The information set forth under “Summary Term Sheet” in the Offering Memorandum, dated May 22, 2015 (the “Offering Memorandum”), attached hereto as Exhibit (a)(1)(i), is incorporated herein by reference.

 

Item 2. Subject Company Information.

(a) Name and Address. The name of the issuer is Weight Watchers International, Inc., a Virginia corporation (“Weight Watchers” or the “Company”), and the address of its principal executive office is 675 Avenue of the Americas, 6th Floor, New York, New York 10010. The telephone number at that address is (212) 589-2700.

(b) Securities. This Tender Offer Statement on Schedule TO relates to an offer (the “Offer”) by the Company to Eligible Employees (as defined below) to exchange outstanding Eligible Options (as defined below) for new options to purchase shares of its common stock, no par value per share (the “Replacement Options”), to be granted under the Amended and Restated Weight Watchers International, Inc. 2014 Stock Incentive Plan.

“Eligible Options” are any performance-vesting stock options (i.e., stock options with vesting criteria linked to the achievement of specified stock price hurdles) outstanding under the Company’s stock incentive plans that (i) were granted during the period from December 12, 2013 to March 11, 2015 at exercise prices ranging from $9.82 to $32.65 and (ii) have an exercise price per share greater than the closing price per share of the Company’s common stock on the New York Stock Exchange (“NYSE”) on the date the Offer expires.

Each Replacement Option will have a per share exercise price equal to the greater of (x) the closing price per share of the Company’s common stock on the NYSE on the date the Replacement Options are granted and (y) the average closing price per share of the Company’s common stock on the NYSE for the five trading day period immediately preceding and including such grant date.
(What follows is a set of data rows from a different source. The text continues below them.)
(* Let $M$ be a finite set of graphs such that $M\cap\mathcal{S}=\emptyset$. Then there exists an integer $r\ge3$ such that $\mathcal{S}_r\subseteq \mathrm{SiFree}(M)$.
   Context: All graphs are finite and simple. For graphs $G_1=(V_1,E_1)$, $G_2=(V_2,E_2)$, $G_1\cap G_2=(V_1\cap V_2, E_1\cap E_2)$. For a graph $G=(V,E)$ and an injective map $\alpha$ on $V$, $G^{\alpha}$ has vertex set $\alpha(V)$ and edge set $\{\{\alpha(v),\alpha(w)\}: \{v,w\}\in E\}$. We write $G\xrightarrow{\cap} H$ if $H$ is (isomorphic to) $G^{\alpha_1}\cap\cdots\cap G^{\alpha_k}$ for some $k\ge1$ and injective maps $\alpha_1,\dots,\alpha_k$ on $V(G)$. For a set $M$ of graphs, $\mathrm{SiFree}(M)$ is the class of graphs $G$ such that $G\xrightarrow{\cap}F$ holds for no $F\in M$. $\mathcal{S}$ is the class of forests in which every connected component is a tree with at most three leaves (its members are called tripods). $H_0=K_{1,4}$, and for $k\ge1$, $H_k$ is the graph obtained from two vertex-disjoint copies of the path $P_3$ by joining their middle vertices by a path with $k$ edges (with $k-1$ new internal vertices). For $k\ge3$, $\mathcal{S}_k$ is the class of graphs containing none of $C_3,\dots,C_k,H_0,H_1,\dots,H_k$ as a (not necessarily induced) subgraph. *)

theory Defs
  imports Main
begin

text \<open>Finite simple graphs with vertices from nat (graphs are considered up to
isomorphism, so the choice of vertex type is immaterial). A graph is a pair (V, E)
with E a set of 2-element subsets of V.\<close>

type_synonym graph = "nat set \<times> nat set set"

definition verts :: "graph \<Rightarrow> nat set" where "verts G = fst G"
definition edges :: "graph \<Rightarrow> nat set set" where "edges G = snd G"

definition is_graph :: "graph \<Rightarrow> bool" where
  "is_graph G \<longleftrightarrow> finite (verts G) \<and>
     (\<forall>e\<in>edges G. \<exists>u v. e = {u, v} \<and> u \<noteq> v \<and> u \<in> verts G \<and> v \<in> verts G)"

definition adj :: "graph \<Rightarrow> nat \<Rightarrow> nat \<Rightarrow> bool" where
  "adj G u v \<longleftrightarrow> {u, v} \<in> edges G \<and> u \<noteq> v"

definition degree :: "graph \<Rightarrow> nat \<Rightarrow> nat" where
  "degree G v = card {w. adj G v w}"

definition img :: "graph \<Rightarrow> (nat \<Rightarrow> nat) \<Rightarrow> graph" where
  "img G \<alpha> = (\<alpha> ` verts G, (\<lambda>e. \<alpha> ` e) ` edges G)"

definition inter_graphs :: "graph list \<Rightarrow> graph" where
  "inter_graphs gs = ((\<Inter>g\<in>set gs. verts g), (\<Inter>g\<in>set gs. edges g))"

definition isomorphic :: "graph \<Rightarrow> graph \<Rightarrow> bool" where
  "isomorphic G H \<longleftrightarrow> (\<exists>f. bij_betw f (verts G) (verts H) \<and>
     (\<forall>u\<in>verts G. \<forall>v\<in>verts G. {u, v} \<in> edges G \<longleftrightarrow> {f u, f v} \<in> edges H))"

definition inter_to :: "graph \<Rightarrow> graph \<Rightarrow> bool" where
  "inter_to G H \<longleftrightarrow> (\<exists>\<alpha>s. \<alpha>s \<noteq> [] \<and> (\<forall>\<alpha>\<in>set \<alpha>s. inj_on \<alpha> (verts G)) \<and>
      isomorphic (inter_graphs (map (img G) \<alpha>s)) H)"

definition SiFree :: "graph set \<Rightarrow> graph set" where
  "SiFree M = {G. is_graph G \<and> (\<forall>F\<in>M. \<not> inter_to G F)}"

definition has_cycle :: "graph \<Rightarrow> bool" where
  "has_cycle G \<longleftrightarrow> (\<exists>vs. length vs \<ge> 3 \<and> distinct vs \<and> set vs \<subseteq> verts G \<and>
      (\<forall>i. Suc i < length vs \<longrightarrow> adj G (vs ! i) (vs ! Suc i)) \<and>
      adj G (last vs) (hd vs))"

definition is_forest :: "graph \<Rightarrow> bool" where
  "is_forest G \<longleftrightarrow> is_graph G \<and> \<not> has_cycle G"

definition component :: "graph \<Rightarrow> nat \<Rightarrow> nat set" where
  "component G v = {w. (adj G)\<^sup>*\<^sup>* v w}"

definition tripod :: "graph \<Rightarrow> bool" where
  "tripod G \<longleftrightarrow> is_forest G \<and>
     (\<forall>v\<in>verts G. card {w \<in> component G v. degree G w = 1} \<le> 3)"

definition contains :: "graph \<Rightarrow> graph \<Rightarrow> bool" where
  "contains G H \<longleftrightarrow> (\<exists>f. inj_on f (verts H) \<and> f ` verts H \<subseteq> verts G \<and>
      (\<forall>u\<in>verts H. \<forall>v\<in>verts H. {u, v} \<in> edges H \<longrightarrow> {f u, f v} \<in> edges G))"

definition cycle_graph :: "nat \<Rightarrow> graph" where
  "cycle_graph n = ({0..<n}, {{i, (i + 1) mod n} | i. i < n})"

definition star4 :: graph where
  "star4 = ({0..4}, {{0, i} | i. 1 \<le> i \<and> i \<le> 4})"

definition Hgraph :: "nat \<Rightarrow> graph" where
  "Hgraph k = (if k = 0 then star4 else
     ({0..k+4}, {{i, i + 1} | i. i < k} \<union> {{0, k+1}, {0, k+2}, {k, k+3}, {k, k+4}}))"

definition S_class :: "nat \<Rightarrow> graph set" where
  "S_class k = {G. is_graph G \<and> (\<forall>n. 3 \<le> n \<and> n \<le> k \<longrightarrow> \<not> contains G (cycle_graph n)) \<and>
                   (\<forall>j\<le>k. \<not> contains G (Hgraph j))}"

end

theory Submission
  imports Defs
begin

text \<open>If G -cap-> F, then F is a subgraph of G: the intersection is a subgraph of one image
G^\<alpha>, which is a copy of G. A graph F that is not a tripod contains a cycle, or a vertex of
degree at least four (a copy of H_0), or else it has maximum degree three and a component with
four leaves, and then two distinct vertices of degree three in that component. A shortest path
between these, with two further neighbours at each end, spans some H_k, unless the neighbours
overlap and close a cycle. The cycle or H_k has at most |V(F)| vertices, so every graph in S_r
with r \<ge> |V(F)| for all F \<in> M lies in SiFree M.

The two vertices of degree three come from counting leaves: if every vertex other than r that is
reachable from r has degree at most two, then distinct leaves reachable from r are entered through
distinct neighbours of r, because shortest walks from r can only separate at a vertex of degree
at least three.\<close>

lemma obtain_distinct_list:
  assumes "n \<le> card A"
  obtains xs where "distinct xs" "length xs = n" "set xs \<subseteq> A"
proof -
  obtain T where "T \<subseteq> A" "card T = n" "finite T"
    using obtain_subset_with_card_n[OF assms] .
  moreover obtain xs where "set xs = T" "distinct xs"
    using finite_distinct_list[OF \<open>finite T\<close>] by blast
  ultimately show thesis
    using that[of xs] distinct_card[of xs] by auto
qed

lemma obtain_last_two:
  assumes "2 \<le> length xs"
  obtains ys u v where "xs = ys @ [u, v]"
proof -
  have "butlast xs \<noteq> []"
    using assms by (cases xs) auto
  then have "xs = butlast (butlast xs) @ [last (butlast xs), last xs]"
    using assms by (metis append_butlast_last_id append.assoc append_Cons append_Nil
        list.size(3) not_numeral_le_zero)
  then show thesis
    by (rule that)
qed

lemma split_common_prefix:
  obtains pre u v xs' ys' where "a # b # xs = pre @ u # v # xs'" "a # b # ys = pre @ u # v # ys'"
    "xs' = [] \<or> ys' = [] \<or> hd xs' \<noteq> hd ys'"
proof -
  obtain ps xs' ys' where "xs = ps @ xs'" "ys = ps @ ys'" "xs' = [] \<or> ys' = [] \<or> hd xs' \<noteq> hd ys'"
    using longest_common_prefix by blast
  moreover obtain pre u v where "a # b # ps = pre @ [u, v]"
    using obtain_last_two[of "a # b # ps"] by auto
  ultimately show thesis
    using that by (metis append_Cons append_Nil append.assoc)
qed

lemma adj_sym: "adj G u v \<Longrightarrow> adj G v u"
  by (auto simp: adj_def insert_commute)

lemma adj_neq: "adj G u v \<Longrightarrow> u \<noteq> v"
  by (simp add: adj_def)

lemma adj_imp_edge: "adj G u v \<Longrightarrow> {u, v} \<in> edges G"
  by (simp add: adj_def)

lemma adj_imp_verts: "is_graph G \<Longrightarrow> adj G u v \<Longrightarrow> u \<in> verts G \<and> v \<in> verts G"
  unfolding is_graph_def adj_def by (fastforce simp: doubleton_eq_iff)

lemma rtranclp_adj_sym: "(adj G)\<^sup>*\<^sup>* u v \<Longrightarrow> (adj G)\<^sup>*\<^sup>* v u"
  by (metis adj_sym symp_rtranclp sympD sympI)

lemma edge_subset_verts:
  assumes "is_graph G" "e \<in> edges G"
  shows "e \<subseteq> verts G"
proof -
  obtain u v where "e = {u, v}" "u \<in> verts G" "v \<in> verts G"
    using assms unfolding is_graph_def by blast
  then show ?thesis
    by simp
qed

lemma successively_adj_subset_verts:
  "is_graph G \<Longrightarrow> successively (adj G) xs \<Longrightarrow> 2 \<le> length xs \<Longrightarrow> set xs \<subseteq> verts G"
  by (induction "adj G" xs rule: successively.induct)
    (auto dest: adj_imp_verts length_pos_if_in_set simp: Suc_le_eq)

lemma finite_neighbours:
  assumes "is_graph G"
  shows "finite {w. adj G v w}"
proof (rule finite_subset)
  show "{w. adj G v w} \<subseteq> verts G"
    using adj_imp_verts[OF assms] by blast
qed (use assms in \<open>simp add: is_graph_def\<close>)

lemma length_le_degree:
  assumes "is_graph G" "distinct ws" "set ws \<subseteq> {w. adj G v w}"
  shows "length ws \<le> degree G v"
  using card_mono[OF finite_neighbours[OF assms(1)] assms(3)] assms(2)
  by (simp add: degree_def distinct_card)

lemma obtain_two_other_neighbours:
  assumes "3 \<le> degree G x"
  obtains as where "distinct as" "length as = 2" "set as \<subseteq> {w. adj G x w} - {z}"
proof -
  have "2 \<le> card ({w. adj G x w} - {z})"
    using diff_card_le_card_Diff[of "{z}" "{w. adj G x w}"] assms unfolding degree_def by simp
  then show thesis
    using obtain_distinct_list that by blast
qed

section \<open>Walks\<close>

definition walk :: "graph \<Rightarrow> nat \<Rightarrow> nat \<Rightarrow> nat list \<Rightarrow> bool" where
  "walk G u v xs \<longleftrightarrow> xs \<noteq> [] \<and> hd xs = u \<and> last xs = v \<and> successively (adj G) xs"

definition shortest_walk :: "graph \<Rightarrow> nat \<Rightarrow> nat \<Rightarrow> nat list \<Rightarrow> bool" where
  "shortest_walk G u v xs \<longleftrightarrow> walk G u v xs \<and> (\<forall>ys. walk G u v ys \<longrightarrow> length xs \<le> length ys)"

lemma rtranclp_imp_walk: "(adj G)\<^sup>*\<^sup>* u v \<Longrightarrow> \<exists>xs. walk G u v xs"
proof (induction rule: rtranclp_induct)
  case base
  show ?case by (rule exI[of _ "[u]"]) (simp add: walk_def)
next
  case (step v w)
  then obtain xs where "walk G u v xs" by blast
  then have "walk G u w (xs @ [w])"
    using step.hyps(2) by (simp add: walk_def successively_append_iff)
  then show ?case ..
qed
An individual will be eligible to participate in the Exchange Program (as defined in the Offering Memorandum) if he or she is an Eligible Employee. An “Eligible Employee” is any active employee of Weight Watchers or any of its subsidiaries who holds one or more Eligible Options and continues to satisfy these conditions during the entire period from and including May 22, 2015 through the date the Offer expires. The Company is making the Offer upon the terms and subject to the conditions set forth in the Offering Memorandum and the related accompanying Election Form, attached hereto as Exhibit (a)(1)(iii), as well as the terms and conditions of the applicable option grant documents.

As of May 18, 2015, options to purchase 2,745,715 shares of Weight Watchers common stock were granted and outstanding under the Company’s stock incentive plans. Of these, options to purchase 1,712,859 shares of Weight Watchers Common Stock were eligible for exchange in the Offer. The actual number of shares of common stock subject to the stock options to be exchanged in the Offer will depend on the number of shares of common stock subject to Eligible Options surrendered by Eligible Employees and accepted for exchange.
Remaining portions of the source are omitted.